From Thursday Afternoon‘s liner notes by C.S.J. Bofop (which sounds more like an anagram than a real name): “Perhaps, then, they should be seen as more closely related to painting than any traditional notion of music.” Kind of says it all, really. So if you’ve got a painting on your wall, then crank this up and you’ll have two! Or better yet, just look out the window. A scary thought: If people were as disengaged with what’s outside their own windows as Eno wants them to be with his music, we’d be living in a less-than-perfect world!
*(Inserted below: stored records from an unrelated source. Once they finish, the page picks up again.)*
lemma ball_sector_eq:
  "hilbert_ball C 0 R \<inter> open_triangle P 0 Q = hilbert_ball parallelogram 0 R \<inter> open_triangle P 0 Q"
proof -
  have "hilbert_dist C 0 p = hilbert_dist parallelogram 0 p" if p: "p \<in> open_triangle P 0 Q" for p
  proof -
    obtain w where "\<bar>w$2\<bar> < w$1" "w$1 < 1" "p = L w"
      using open_triangle_in_sector[OF inj_L] p by blast
    then show ?thesis
      using dist_in_sector antipodal_edges.dist_in_sector[OF parallelogram_antipodal_edges] by simp
  qed
  then show ?thesis
    using open_triangle_subset_parallelogram parallelogram_subset
    unfolding hilbert_ball_def by auto
qed


lemma det_L_pos: "0 < \<bar>det (matrix L)\<bar>"
  using det_nz_iff_inj[OF linear_pq_coords] inj_L by simp

text \<open>Part (2), density estimate: \<open>L w \<plusminus> L z \<in> C\<close> whenever \<open>w \<plusminus> z\<close> is in the open square,
  so the Finsler unit ball at \<open>L w\<close> contains the image of a box around 0.\<close>
lemma finsler_ball_contains_box:
  assumes "\<bar>w$2\<bar> < w$1" "w$1 < 1"
  shows "L ` box (- vector [1 - w$1, 1 - \<bar>w$2\<bar>]) (vector [1 - w$1, 1 - \<bar>w$2\<bar>])
           \<subseteq> finsler_ball C (L w)"
proof
  fix v assume "v \<in> L ` box (- vector [1 - w$1, 1 - \<bar>w$2\<bar>]) (vector [1 - w$1, 1 - \<bar>w$2\<bar>])"
  then obtain z where "z \<in> box (- vector [1 - w$1, 1 - \<bar>w$2\<bar>]) (vector [1 - w$1, 1 - \<bar>w$2\<bar>])"
    and v: "v = L z" by blast
  then have z: "\<bar>z$1\<bar> < 1 - w$1" "\<bar>z$2\<bar> < 1 - \<bar>w$2\<bar>"
    by (auto simp: mem_box_cart forall_2)
  have "w \<in> box (-1) 1" "w + z \<in> box (-1) 1" "w - z \<in> box (-1) 1"
    using z assms by (auto simp: mem_box_cart forall_2)
  then have "L w \<in> C" "L (w + z) \<in> C" "L (w - z) \<in> C" using open_square_in_C by blast+
  then have "L w \<in> C" "L w + v \<in> C" "L w - v \<in> C"
    by (simp_all add: v linear_add[OF linear_pq_coords] linear_diff[OF linear_pq_coords])
  then show "v \<in> finsler_ball C (L w)"
    unfolding finsler_ball_def using hilbert_finsler_less_1[OF open_C bounded_C convex_C] by blast
qed

lemma density_bound:
  assumes "\<bar>w$2\<bar> < w$1" "w$1 < 1"
  shows "Defs.unit_ball_vol TYPE(real^2) / measure lebesgue (finsler_ball C (L w))
           \<le> pi / (4 * \<bar>det (matrix L)\<bar>) * (1 / ((1 - w$1) * (1 - \<bar>w$2\<bar>)))"
proof -
  let ?B = "box (- vector [1 - w$1, 1 - \<bar>w$2\<bar>]) (vector [1 - w$1, 1 - \<bar>w$2\<bar>]) :: (real^2) set"
  have sides: "0 < 1 - w$1" "0 < 1 - \<bar>w$2\<bar>" using assms by auto
  have box_area: "measure lebesgue (L ` ?B) = \<bar>det (matrix L)\<bar> * (4 * (1 - w$1) * (1 - \<bar>w$2\<bar>))"
    using measure_linear_image[OF linear_pq_coords lmeasurable_box] measure_centered_box[OF sides]
    by simp
  have pos: "0 < \<bar>det (matrix L)\<bar> * (4 * (1 - w$1) * (1 - \<bar>w$2\<bar>))"
    using det_L_pos sides by simp
  have "Defs.unit_ball_vol TYPE(real^2) / measure lebesgue (finsler_ball C (L w))
      \<le> pi / (\<bar>det (matrix L)\<bar> * (4 * (1 - w$1) * (1 - \<bar>w$2\<bar>)))"
  proof (cases "finsler_ball C (L w) \<in> fmeasurable lebesgue")
    case True
    have "measure lebesgue (L ` ?B) \<le> measure lebesgue (finsler_ball C (L w))"
      using measurable_linear_image[OF linear_pq_coords lmeasurable_box]
      by (intro measure_mono_fmeasurable[OF finsler_ball_contains_box[OF assms] _ True]) auto
    then show ?thesis unfolding unit_disc_area box_area using pos by (intro divide_left_mono) auto
  next
    case False
    have "measure lebesgue (finsler_ball C (L w)) = 0"
    proof (cases "finsler_ball C (L w) \<in> sets lebesgue")
      case True
      with False have "\<not> emeasure lebesgue (finsler_ball C (L w)) < \<infinity>"
        unfolding fmeasurable_def by blast
      then have "emeasure lebesgue (finsler_ball C (L w)) = \<infinity>"
        using less_top by (metis infinity_ennreal_def)
      then show ?thesis by (simp add: measure_def)
    qed (rule measure_notin_sets)
    then show ?thesis using pos by simp
  qed
  then show ?thesis by (simp add: field_simps)
qed

lemma ball_in_sector:
  assumes "p \<in> hilbert_ball C 0 R \<inter> open_triangle P 0 Q"
  obtains w where "p = L w" "\<bar>w$2\<bar> < w$1" "w$1 < tanh R"
proof -
  obtain w where w: "\<bar>w$2\<bar> < w$1" "w$1 < 1" "p = L w"
    using open_triangle_in_sector[OF inj_L] assms by blast
  then have "artanh (w$1) < R"
    using assms dist_in_sector unfolding hilbert_ball_def by auto
  then have "w$1 < tanh R"
    using w(1,2) by (intro artanh_less_imp_less_tanh) auto
  then show thesis using that w by blast
qed

text \<open>Part (2) of the theorem: bound the density by a multiple of the sector weight pulled back
  by \<open>L\<close>, integrate by change of variables, and estimate \<open>(\<pi>/2) ln\<^sup>2(1 - tanh R) \<le> 2\<pi>R\<^sup>2\<close>.\<close>
lemma ball_measure_bound:
  assumes "0 < R"
  shows "hilbert_measure C (hilbert_ball C 0 R \<inter> open_triangle P 0 Q) \<le> ennreal (2 * pi * R\<^sup>2)"
proof -
  define A where "A = hilbert_ball C 0 R \<inter> open_triangle P 0 Q"
  define r where "r = tanh R"
  define k where "k = pi / (4 * \<bar>det (matrix L)\<bar>)"
  define H where "H p = k * sector_weight r (inv L p)" for p
  have r: "0 \<le> r" "r < 1" using assms tanh_real_lt_1 by (simp_all add: r_def)
  have k: "0 \<le> k" using det_L_pos by (simp add: k_def)
  have H_nonneg: "0 \<le> H p" for p
    using k r by (simp add: H_def sector_weight_def half_weight_nonneg)
  have H_L: "H (L w) = k * sector_weight r w" for w by (simp add: H_def inv_f_f[OF inj_L])
  have pointwise: "indicator A p *
      ennreal (Defs.unit_ball_vol TYPE(real^2) / measure lebesgue (finsler_ball C p)) \<le> ennreal (H p)"
    for p
  proof (cases "p \<in> A")
    case True
    then obtain w where w: "p = L w" "\<bar>w$2\<bar> < w$1" "w$1 < r"
      using ball_in_sector unfolding A_def r_def by blast
    have "Defs.unit_ball_vol TYPE(real^2) / measure lebesgue (finsler_ball C p)
        \<le> k * (1 / ((1 - w$1) * (1 - \<bar>w$2\<bar>)))"
      using density_bound[of w] w r by (simp add: k_def)
    also have "\<dots> \<le> k * sector_weight r w"
      using sector_weight_lower_bound[of w r] w r k by (intro mult_left_mono) auto
    finally show ?thesis using True by (simp add: w(1) H_L ennreal_leI)
  qed (simp add: H_nonneg)
  have "hilbert_measure C A \<le> (\<integral>\<^sup>+p. ennreal (H p) \<partial>lebesgue)"
    unfolding hilbert_measure_def by (rule nn_integral_mono) (rule pointwise)
  also have "\<dots> = ennreal (\<bar>det (matrix L)\<bar> * (k * (2 * (ln (1 - r))\<^sup>2)))"
    using H_L has_integral_mult_right[OF sector_weight_has_integral[OF r], of k]
    by (intro nn_integral_linear_change linear_pq_coords H_nonneg
        linear_injective_imp_surjective inj_L) simp_all
  also have "\<bar>det (matrix L)\<bar> * (k * (2 * (ln (1 - r))\<^sup>2)) = pi / 2 * (- ln (1 - r))\<^sup>2"
    using det_L_pos by (simp add: k_def)
  also have "\<dots> \<le> pi / 2 * (2 * R)\<^sup>2"
    using neg_ln_one_minus_tanh[of R] assms unfolding r_def by (intro mult_left_mono power_mono) auto
  also have "\<dots> = 2 * pi * R\<^sup>2" by (simp add: power2_eq_square)
  finally show ?thesis unfolding A_def by (simp add: ennreal_leI)
qed

end

theorem lemma2p5:
  fixes C :: "(real^2) set" and P Q :: "real^2" and R :: real
  assumes "open C" and "bounded C" and "convex C" and "C \<noteq> {}" and "0 \<in> C"
    and "P \<noteq> Q"
    and "closed_segment P Q \<subseteq> frontier C"
    and "closed_segment (-P) (-Q) \<subseteq> frontier C"
    and "R > 0"
  shows "hilbert_ball C 0 R \<inter> open_triangle P 0 Q
           = hilbert_ball (interior (convex hull {P, Q, -P, -Q})) 0 R \<inter> open_triangle P 0 Q
         \<and> hilbert_measure C (hilbert_ball C 0 R \<inter> open_triangle P 0 Q) \<le> ennreal (2 * pi * R\<^sup>2)"
proof -
  interpret antipodal_edges C P Q
    using assms by unfold_locales auto
  show ?thesis using ball_sector_eq ball_measure_bound[OF \<open>R > 0\<close>] by simp
qed

end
Which brings us to the favorite complaint of the last remaining modernists—is emotional engagement with an Eno song possible? (That includes even straightforward stuff like “Baby’s on Fire” or “Third Uncle.”) Maybe the Oblique Strategy he used on these albums was: “Make something whose total use-value will be determined by random associations, and ensure there will be some of those, by having the creator also produce bands and theories to amass the kind of credibility that leads to coveted soundtrack placements.” As with most innovations, this one was designed with a sadly overoptimistic underestimation of how badly most people want their selection of available environments to be as alike as possible. Before science there were pop songs, and after science there are coffee-shop compilations. Now there’s a new sensation!